text \<open>
Record each directed 4-cycle \<open>a \<rightarrow> b \<rightarrow> c \<rightarrow> d \<rightarrow> a\<close> by its pair of diagonals
\<open>((a, c), (b, d))\<close>; these pairs form a relation \<open>R\<close> on ordered vertex pairs, and the number of
\<open>R\<close>-successors of \<open>(a, c)\<close> is \<open>m(a, c) = |M(a, c)| |M(c, a)|\<close>, where \<open>M(p, q)\<close> is the set of
midpoints of 2-paths from \<open>p\<close> to \<open>q\<close>. In a 3-free digraph \<open>M(b, d)\<close> and \<open>M(d, b)\<close> are disjoint
and no edge joins them, so a directed path on \<open>{a, c, p, q}\<close> with \<open>p, q \<in> M(b, d) \<union> M(d, b)\<close>
would stay on one side, which is impossible since \<open>c \<in> M(b, d)\<close> and \<open>a \<in> M(d, b)\<close>. For fixed
\<open>v = (a, c)\<close> this yields \<open>(|M(b, d)| + |M(d, b)|)\<^sup>2 \<ge> 4 m(b, d)\<close> tuples of \<open>N\<close> for every
\<open>R\<close>-successor \<open>(b, d)\<close>, hence at least the average \<open>4 m(u) / m(v)\<close> over the successors \<open>u\<close>.
Summing over \<open>v\<close> gives \<open>|N| \<ge> 4 \<Sum>(v,u)\<in>R m(u) / m(v) \<ge> 4 |R|\<close>, since rotating the cycle
pairs each ratio with its reciprocal. Each cycle contributes 4 elements to \<open>R\<close> and 24 tuples to
\<open>S\<close>, so \<open>S \<le> 6 |R|\<close>.
\<close>

definition midpoints :: "('a \<times> 'a) set \<Rightarrow> 'a \<Rightarrow> 'a \<Rightarrow> 'a set" where
  "midpoints E p q = {x. (p, x) \<in> E \<and> (x, q) \<in> E}"

definition C4_diagonals :: "('a \<times> 'a) set \<Rightarrow> (('a \<times> 'a) \<times> ('a \<times> 'a)) set" where
  "C4_diagonals E = {((a, c), (b, d)). (a, b) \<in> E \<and> (b, c) \<in> E \<and> (c, d) \<in> E \<and> (d, a) \<in> E}"

definition opposite_corners :: "('a \<times> 'a) set \<Rightarrow> 'a \<times> 'a \<Rightarrow> 'a set" where
  "opposite_corners E u = midpoints E (fst u) (snd u) \<union> midpoints E (snd u) (fst u)"

definition corner_squares :: "('a \<times> 'a) set \<Rightarrow> 'a \<times> 'a \<Rightarrow> ('a \<times> 'a) set" where
  "corner_squares E v = (\<Union>u\<in>C4_diagonals E `` {v}. opposite_corners E u \<times> opposite_corners E u)"

definition no_dpath4_tuples :: "'a set \<Rightarrow> ('a \<times> 'a) set \<Rightarrow> ('a \<times> 'a \<times> 'a \<times> 'a) set" where
  "no_dpath4_tuples V E = {(p, q, r, s). p \<in> V \<and> q \<in> V \<and> r \<in> V \<and> s \<in> V \<and>
     \<not> (\<exists>v1 v2 v3 v4. dpath4 E v1 v2 v3 v4 \<and> {v1, v2, v3, v4} = {p, q, r, s})}"

definition induced_C4_tuples :: "'a set \<Rightarrow> ('a \<times> 'a) set \<Rightarrow> ('a \<times> 'a \<times> 'a \<times> 'a) set" where
  "induced_C4_tuples V E = {(a, b, c, d). a \<in> V \<and> b \<in> V \<and> c \<in> V \<and> d \<in> V \<and>
     distinct [a, b, c, d] \<and> induced_C4 E {a, b, c, d}}"

lemma four_mult_le_square_sum: "4 * (x::nat) * y \<le> (x + y)\<^sup>2"
proof -
  have "int (4 * x * y) \<le> int ((x + y)\<^sup>2)"
    using zero_le_power2[of "int x - int y"] by (simp add: power2_eq_square algebra_simps)
  then show ?thesis by linarith
qed

lemma card_le_card_mult_if_injective_cover:
  assumes "finite H" "finite B" "\<And>h. h \<in> H \<Longrightarrow> inj h" "S \<subseteq> (\<Union>h\<in>H. h -` B)"
  shows "card S \<le> card H * card B"
proof -
  have "card S \<le> card (\<Union>h\<in>H. h -` B)"
    using assms by (intro card_mono) (auto intro: finite_vimageI)
  also have "\<dots> \<le> (\<Sum>h\<in>H. card (h -` B))"
    using assms(1) by (rule card_UN_le)
  also have "\<dots> \<le> (\<Sum>h\<in>H. card B)"
    using assms(2,3) card_vimage_inj_on_le[of _ UNIV B] by (intro sum_mono) auto
  finally show ?thesis by simp
qed

lemma card_le_sum_if_reciprocal_pairing:
  fixes f :: "'a \<Rightarrow> real"
  assumes "finite T" "inj_on \<rho> T" "\<rho> ` T \<subseteq> T"
    and pos: "\<And>x. x \<in> T \<Longrightarrow> f x > 0" and recip: "\<And>x. x \<in> T \<Longrightarrow> f (\<rho> x) = 1 / f x"
  shows "real (card T) \<le> sum f T"
proof -
  have "sum f T = sum (f \<circ> \<rho>) T"
    using sum.reindex[OF assms(2), of f] endo_inj_surj[OF assms(1,3,2)] by simp
  then have "2 * sum f T = (\<Sum>x\<in>T. f x + 1 / f x)"
    using recip by (simp add: sum.distrib)
  also have "\<dots> \<ge> (\<Sum>x\<in>T. 2)"
  proof (rule sum_mono)
    fix x assume "x \<in> T"
    with pos have "f x > 0" by blast
    moreover have "(f x - 1)\<^sup>2 \<ge> 0" by simp
    ultimately show "2 \<le> f x + 1 / f x"
      by (simp add: field_simps power2_eq_square)
  qed
  finally show ?thesis by simp
qed

lemma C4_diagonals_Image: "C4_diagonals E `` {(p, q)} = midpoints E p q \<times> midpoints E q p"
  by (auto simp: C4_diagonals_def midpoints_def)

lemma card_C4_diagonals_Image_swap:
  "card (C4_diagonals E `` {prod.swap v}) = card (C4_diagonals E `` {v})"
  by (cases v) (simp add: C4_diagonals_Image card_cartesian_product)

lemma C4_diagonals_rotate:
  "((a, c), (b, d)) \<in> C4_diagonals E \<Longrightarrow> ((b, d), (c, a)) \<in> C4_diagonals E"
  by (simp add: C4_diagonals_def)

lemma C4_diagonals_subset: "E \<subseteq> V \<times> V \<Longrightarrow> C4_diagonals E \<subseteq> (V \<times> V) \<times> (V \<times> V)"
  by (auto simp: C4_diagonals_def)

lemma midpoints_subset: "E \<subseteq> V \<times> V \<Longrightarrow> midpoints E p q \<subseteq> V"
  by (auto simp: midpoints_def)

lemma dpath4_vertices_on_one_side:
  assumes "dpath4 E v1 v2 v3 v4" "{v1, v2, v3, v4} \<subseteq> A \<union> B"
    and "\<And>x y. x \<in> A \<Longrightarrow> y \<in> B \<Longrightarrow> (x, y) \<notin> E \<and> (y, x) \<notin> E"
  shows "{v1, v2, v3, v4} \<subseteq> A \<or> {v1, v2, v3, v4} \<subseteq> B"
  using assms unfolding dpath4_def by blast

lemma induced_C4_cycle_from:
  assumes "induced_C4 E {a, b, c, d}"
  obtains x y z where "distinct [x, y, z]" "x \<in> {b, c, d}" "y \<in> {b, c, d}" "z \<in> {b, c, d}"
    "((a, y), (x, z)) \<in> C4_diagonals E"
proof -
  obtain w x y z where X: "{a, b, c, d} = {w, x, y, z}"
    and EX: "E \<inter> ({a, b, c, d} \<times> {a, b, c, d}) = {(w, x), (x, y), (y, z), (z, w)}"
    using assms unfolding induced_C4_def by blast
  have "card (set [w, x, y, z]) = length [w, x, y, z]"
    using assms X by (simp add: induced_C4_def)
  then have dw: "distinct [w, x, y, z]" by (rule card_distinct)
  have side: "v \<in> {b, c, d}" if "v \<in> {w, x, y, z}" "v \<noteq> a" for v
    using that unfolding X[symmetric] by blast
  have r0: "((w, y), (x, z)) \<in> C4_diagonals E"
  proof -
    have "{(w, x), (x, y), (y, z), (z, w)} \<subseteq> E"
      unfolding EX[symmetric] by (rule Int_lower1)
    then show ?thesis by (simp add: C4_diagonals_def)
  qed
  have r1: "((x, z), (y, w)) \<in> C4_diagonals E" using C4_diagonals_rotate[OF r0] .
  have r2: "((y, w), (z, x)) \<in> C4_diagonals E" using C4_diagonals_rotate[OF r1] .
  have r3: "((z, x), (w, y)) \<in> C4_diagonals E" using C4_diagonals_rotate[OF r2] .
  have "a \<in> {w, x, y, z}" using X by blast
  then consider "a = w" | "a = x" | "a = y" | "a = z" by blast
  then show thesis
  proof cases
    case 1 show thesis using r0 dw 1 by (intro that[of x y z] side) auto
  next
    case 2 show thesis using r1 dw 2 by (intro that[of y z w] side) auto
  next
    case 3 show thesis using r2 dw 3 by (intro that[of z w x] side) auto
  next
    case 4 show thesis using r3 dw 4 by (intro that[of w x y] side) auto
  qed
qed

lemma three_free_no_2cycle: "three_free E \<Longrightarrow> (u, v) \<in> E \<Longrightarrow> (v, u) \<notin> E"
  unfolding three_free_def by (cases "u = v") auto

§ EXERCISE INSTRUCTIONS: In the listing above, locate the line containing "would stay on" and the line containing "(p, x) \<in> E", then transcribe both and every line between them verbatim.

§ RESPONSE TO THIS EXERCISE:
would stay on one side, which is impossible since \<open>c \<in> M(b, d)\<close> and \<open>a \<in> M(d, b)\<close>. For fixed
\<open>v = (a, c)\<close> this yields \<open>(|M(b, d)| + |M(d, b)|)\<^sup>2 \<ge> 4 m(b, d)\<close> tuples of \<open>N\<close> for every
\<open>R\<close>-successor \<open>(b, d)\<close>, hence at least the average \<open>4 m(u) / m(v)\<close> over the successors \<open>u\<close>.
Summing over \<open>v\<close> gives \<open>|N| \<ge> 4 \<Sum>(v,u)\<in>R m(u) / m(v) \<ge> 4 |R|\<close>, since rotating the cycle
pairs each ratio with its reciprocal. Each cycle contributes 4 elements to \<open>R\<close> and 24 tuples to
\<open>S\<close>, so \<open>S \<le> 6 |R|\<close>.
\<close>

definition midpoints :: "('a \<times> 'a) set \<Rightarrow> 'a \<Rightarrow> 'a \<Rightarrow> 'a set" where
  "midpoints E p q = {x. (p, x) \<in> E \<and> (x, q) \<in> E}"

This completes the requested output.